Bryant: (laughing) I know, if you don't do it full body, its just not a Horsey Hug. (wraps his legs around Liv's waist and execute a tiger's claw) See? Like that. You didn't get your whole body into it. There wasn't enough power.
Liv: I know. But isn't this fun? Its a great exercise, huh? Maybe next time we should let Grandpa Ben know about it. He doesn't know the secret of the Horsey Hug, yet.
Bryant: I know, he likes his Hatley Hula better. (leans over into a Hatley Hula and kisses Liv) Whew! What a workout. I just about got strangled.
Liv: I know. But that was a Horsey Hug. I had to show you some Hatley love.
Bryant: Okay, here we go. (crouches in the horse stance waiting)
Liv: Okay, here I come. (she hugs Bryant with her hands) Hold on! We're not in the Horsey Hug yet. I gotta get my legs in there. Its not a Horsey Hug unless you go whole body with it, you know?

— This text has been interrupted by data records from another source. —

theorem decide_stable_correct:
  assumes "valid_instance m P F" "monotonic_prefs m P"
  shows "decide_stable m P F = stable m P F"
  using decide_stable_iff[OF assms(1)] not_stable_iff_attracts[OF assms] by argo

lemma T_pos_of_le: "T_pos_of L a b \<le> length L + 1"
  by (induction L a b rule: T_pos_of.induct) auto

lemma T_count_eq_eq: "T_count_eq xs S = length xs + 1"
  by (induction xs) auto

lemma T_len_eq: "T_len xs = length xs + 1"
  by (induction xs) auto

lemma T_count_movers_le:
  "\<forall>L\<in>set Ls. length L \<le> B \<Longrightarrow>
    T_count_movers Ls xs F S s \<le> (length Ls + 1) * (length F + 2 * B + 5)"
proof (induction Ls xs F S s rule: T_count_movers.induct)
  case (3 L Ls x xs F S s)
  have T_pos: "T_pos_of L a b \<le> B + 1" for a b
    using T_pos_of_le[of L a b] "3.prems" by fastforce
  have "T_better L S s x (count_eq F x) \<le> 2 * B + 3"
    using add_mono[OF T_pos[of S s] T_pos[of x "count_eq F x"]] by simp
  with 3 show ?case by (simp add: T_count_eq_eq)
qed auto

lemma T_blockS_le:
  "\<forall>s. T_count_movers P F F S s \<le> X \<Longrightarrow> T_blockS P F S c k \<le> (k + 1) * (X + 1)"
proof (induction k)
  case (Suc k)
  then have "T_count_movers P F F S (c + Suc k) \<le> X" "T_blockS P F S c k \<le> (k + 1) * (X + 1)"
    by blast+
  then show ?case by simp
qed simp

lemma T_blockAny_le:
  "\<forall>S c. T_blockS P F S c (length F) \<le> Y \<Longrightarrow>
    T_blockAny P F m \<le> (m + 1) * (2 * length F + Y + 3)"
proof (induction m)
  case (Suc m)
  then have "T_blockS P F m (count_eq F m) (length F) \<le> Y"
    "T_blockAny P F m \<le> (m + 1) * (2 * length F + Y + 3)"
    by blast+
  then show ?case by (simp add: T_count_eq_eq T_len_eq len_eq_length)
qed simp
lemma central_flux_balance:
  fixes c mR pR mS pS :: "nat \<Rightarrow> real"
  assumes "N \<ge> 1" and "c 0 = c N" "mR 0 = mR N" "pR 0 = pR N" "mS 0 = mS N" "pS 0 = pS N"
  shows "- (\<Sum>j=1..N. c j * ((pR j + mR j) / 2) * mR j)
      + (\<Sum>j=1..N. c (j - 1) * ((pR (j - 1) + mR (j - 1)) / 2) * pR (j - 1))
      + (\<Sum>j=1..N. c j * ((pS j + mS j) / 2) * mS j)
      - (\<Sum>j=1..N. c (j - 1) * ((pS (j - 1) + mS (j - 1)) / 2) * pS (j - 1))
    = - (1/2) * (\<Sum>j=1..N. c j * mR j * mR j)
      + (1/2) * (\<Sum>j=1..N. c (j - 1) * pR (j - 1) * pR (j - 1))
      + (1/2) * (\<Sum>j=1..N. c j * mS j * mR j)
      - (1/2) * (\<Sum>j=1..N. c (j - 1) * pS (j - 1) * pR (j - 1))
      - (1/2) * (\<Sum>j=1..N. c j * mR j * mS j)
      + (1/2) * (\<Sum>j=1..N. c (j - 1) * pR (j - 1) * pS (j - 1))
      + (1/2) * (\<Sum>j=1..N. c j * mS j * mS j)
      - (1/2) * (\<Sum>j=1..N. c (j - 1) * pS (j - 1) * pS (j - 1))"
  \<comment> \<open>Once the sums over left interfaces are shifted periodically, the identity holds interface by interface.\<close>
  apply (subst (1 2 3 4 5 6) sum_shift_periodic[OF assms(1)])
  apply (simp_all add: assms)
  apply (simp add: sum_distrib_left sum_subtractf[symmetric] sum.distrib[symmetric]
      flip: sum_negf sum_divide_distrib add_divide_distrib diff_divide_distrib)
  apply (rule sum.cong; simp add: algebra_simps)
  done

lemma cellint_pderiv_square:
  "cellint xn j (\<lambda>x. w x * poly (pderiv (P * P)) x)
     = 2 * cellint xn j (\<lambda>x. w x * poly P x * poly (pderiv P) x)"
proof -
  have "(\<lambda>x. w x * poly (pderiv (P * P)) x) = (\<lambda>x. 2 * (w x * poly P x * poly (pderiv P) x))"
    by (simp add: pderiv_mult algebra_simps)
  then show ?thesis unfolding cellint_def by simp
qed

lemma dg_energy_rate_zero:
  fixes R S Rt St \<psi> :: "nat \<Rightarrow> real poly"
  assumes "N \<ge> 1"
    and eqR: "(\<Sum>j=1..N. cellint xn j (\<lambda>x. poly (Rt j) x * poly (R j) x))
      + (\<Sum>j=1..N. cellint xn j (\<lambda>x. cfun \<alpha> \<beta> (poly (\<psi> j) x) * poly (R j) x * poly (pderiv (R j)) x))
      - (\<Sum>j=1..N. cbar \<alpha> \<beta> xn N \<psi> j * avg xn N R j * trm xn N R j)
      + (\<Sum>j=1..N. cbar \<alpha> \<beta> xn N \<psi> (j - 1) * avg xn N R (j - 1) * trp xn N R (j - 1))
      = Bterm \<alpha> \<beta> xn N \<psi> R S R"
    and eqS: "(\<Sum>j=1..N. cellint xn j (\<lambda>x. poly (St j) x * poly (S j) x))
      - (\<Sum>j=1..N. cellint xn j (\<lambda>x. cfun \<alpha> \<beta> (poly (\<psi> j) x) * poly (S j) x * poly (pderiv (S j)) x))
      + (\<Sum>j=1..N. cbar \<alpha> \<beta> xn N \<psi> j * avg xn N S j * trm xn N S j)
      - (\<Sum>j=1..N. cbar \<alpha> \<beta> xn N \<psi> (j - 1) * avg xn N S (j - 1) * trp xn N S (j - 1))
      = Bterm \<alpha> \<beta> xn N \<psi> R S S"
  shows "(\<Sum>j=1..N. cellint xn j (\<lambda>x. poly (Rt j) x * poly (R j) x))
       + (\<Sum>j=1..N. cellint xn j (\<lambda>x. poly (St j) x * poly (S j) x)) = 0"
proof -
  let ?c = "\<lambda>j x. cfun \<alpha> \<beta> (poly (\<psi> j) x)"
  have mixed: "(\<Sum>j=1..N. cellint xn j (\<lambda>x. ?c j x * poly (pderiv (S j * R j)) x))
      = (\<Sum>j=1..N. cellint xn j (\<lambda>x. ?c j x * poly (pderiv (R j * S j)) x))"
    by (simp add: mult.commute)
  note flux = central_flux_balance[OF assms(1), of "cbar \<alpha> \<beta> xn N \<psi>"
      "trm xn N R" "trp xn N R" "trm xn N S" "trp xn N S"]
  have period: "cbar \<alpha> \<beta> xn N \<psi> 0 = cbar \<alpha> \<beta> xn N \<psi> N" "trm xn N u 0 = trm xn N u N"
      "trp xn N u 0 = trp xn N u N" for u
    using assms(1) by (simp_all add: cbar_def trm_def trp_def)
  show ?thesis
    using eqR eqS flux[OF period(1) period(2,3) period(2,3)] mixed
    unfolding Bterm_def avg_def cellint_pderiv_square sum_distrib_left[symmetric]
    by linarith
qed

theorem proposition2p1:
  fixes \<alpha> \<beta> T :: real and p N :: nat and xn :: "nat \<Rightarrow> real"
    and R S \<psi> Rt St \<psi>t :: "real \<Rightarrow> nat \<Rightarrow> real poly"
  assumes "\<alpha> > 0" and "\<beta> > 0"
    and "N \<ge> 1" and mesh: "\<forall>k<N. xn k < xn (Suc k)"
    and inX: "\<forall>t\<in>{0..T}. inX p N (R t) \<and> inX p N (S t) \<and> inX p N (\<psi> t)
                 \<and> inX p N (Rt t) \<and> inX p N (St t) \<and> inX p N (\<psi>t t)"
    and dR: "\<forall>t\<in>{0..T}. \<forall>j\<in>{1..N}. \<forall>i.
               ((\<lambda>s. coeff (R s j) i) has_real_derivative coeff (Rt t j) i) (at t within {0..T})"
    and dS: "\<forall>t\<in>{0..T}. \<forall>j\<in>{1..N}. \<forall>i.
               ((\<lambda>s. coeff (S s j) i) has_real_derivative coeff (St t j) i) (at t within {0..T})"
    and d\<psi>: "\<forall>t\<in>{0..T}. \<forall>j\<in>{1..N}. \<forall>i.
               ((\<lambda>s. coeff (\<psi> s j) i) has_real_derivative coeff (\<psi>t t j) i) (at t within {0..T})"
    and eqR: "\<forall>t\<in>{0..T}. \<forall>\<phi>. inX p N \<phi> \<longrightarrow>
        (\<Sum>j=1..N. cellint xn j (\<lambda>x. poly (Rt t j) x * poly (\<phi> j) x))
      + (\<Sum>j=1..N. cellint xn j (\<lambda>x. cfun \<alpha> \<beta> (poly (\<psi> t j) x) * poly (R t j) x * poly (pderiv (\<phi> j)) x))
      - (\<Sum>j=1..N. cbar \<alpha> \<beta> xn N (\<psi> t) j * avg xn N (R t) j * trm xn N \<phi> j)
      + (\<Sum>j=1..N. cbar \<alpha> \<beta> xn N (\<psi> t) (j - 1) * avg xn N (R t) (j - 1) * trp xn N \<phi> (j - 1))
      = Bterm \<alpha> \<beta> xn N (\<psi> t) (R t) (S t) \<phi>"
    and eqS: "\<forall>t\<in>{0..T}. \<forall>\<eta>. inX p N \<eta> \<longrightarrow>
        (\<Sum>j=1..N. cellint xn j (\<lambda>x. poly (St t j) x * poly (\<eta> j) x))
      - (\<Sum>j=1..N. cellint xn j (\<lambda>x. cfun \<alpha> \<beta> (poly (\<psi> t j) x) * poly (S t j) x * poly (pderiv (\<eta> j)) x))
      + (\<Sum>j=1..N. cbar \<alpha> \<beta> xn N (\<psi> t) j * avg xn N (S t) j * trm xn N \<eta> j)
      - (\<Sum>j=1..N. cbar \<alpha> \<beta> xn N (\<psi> t) (j - 1) * avg xn N (S t) (j - 1) * trp xn N \<eta> (j - 1))
      = Bterm \<alpha> \<beta> xn N (\<psi> t) (R t) (S t) \<eta>"
    and eq\<psi>: "\<forall>t\<in>{0..T}. \<forall>\<zeta>. inX p N \<zeta> \<longrightarrow>
        (\<Sum>j=1..N. cellint xn j (\<lambda>x. poly (\<psi>t t j) x * poly (\<zeta> j) x))
      = (\<Sum>j=1..N. cellint xn j (\<lambda>x. (poly (R t j) x + poly (S t j) x) / 2 * poly (\<zeta> j) x))"
  shows "\<forall>t\<in>{0..T}.
    ((\<lambda>s. \<Sum>j=1..N. cellint xn j (\<lambda>x. ((poly (R s j) x)\<^sup>2 + (poly (S s j) x)\<^sup>2) / 2))
       has_real_derivative 0) (at t within {0..T})"
proof
  fix t assume t: "t \<in> {0..T}"
  have deg: "\<forall>s\<in>{0..T}. \<forall>j\<in>{1..N}. degree (R s j) \<le> p \<and> degree (S s j) \<le> p"
    and deg': "\<forall>j\<in>{1..N}. degree (Rt t j) \<le> p \<and> degree (St t j) \<le> p"
    using inX t by (auto simp: inX_def)
  have "(\<Sum>j=1..N. cellint xn j (\<lambda>x. poly (Rt t j) x * poly (R t j) x))
      + (\<Sum>j=1..N. cellint xn j (\<lambda>x. poly (St t j) x * poly (S t j) x)) = 0"
    using dg_energy_rate_zero[OF \<open>N \<ge> 1\<close> eqR[rule_format, OF t] eqS[rule_format, OF t]] inX t
    by blast
  then show "((\<lambda>s. \<Sum>j=1..N. cellint xn j (\<lambda>x. ((poly (R s j) x)\<^sup>2 + (poly (S s j) x)\<^sup>2) / 2))
      has_real_derivative 0) (at t within {0..T})"
    using has_real_derivative_dg_energy[where xn = xn, OF t deg deg' bspec[OF dR t] bspec[OF dS t]] by simp
qed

Bryant: (laughing) I know, if you don't do it full body, its just not a Horsey Hug. (wraps his legs around Liv's waist and execute a tiger's claw) See? Like that. You didn't get your whole body into it. There wasn't enough power.
Liv: I know. But isn't this fun? Its a great exercise, huh? Maybe next time we should let Grandpa Ben know about it. He doesn't know the secret of the Horsey Hug, yet.
Bryant: I know, he likes his Hatley Hula better. (leans over into a Hatley Hula and kisses Liv) Whew! What a workout. I just about got strangled.
Liv: I know. But that was a Horsey Hug. I had to show you some Hatley love.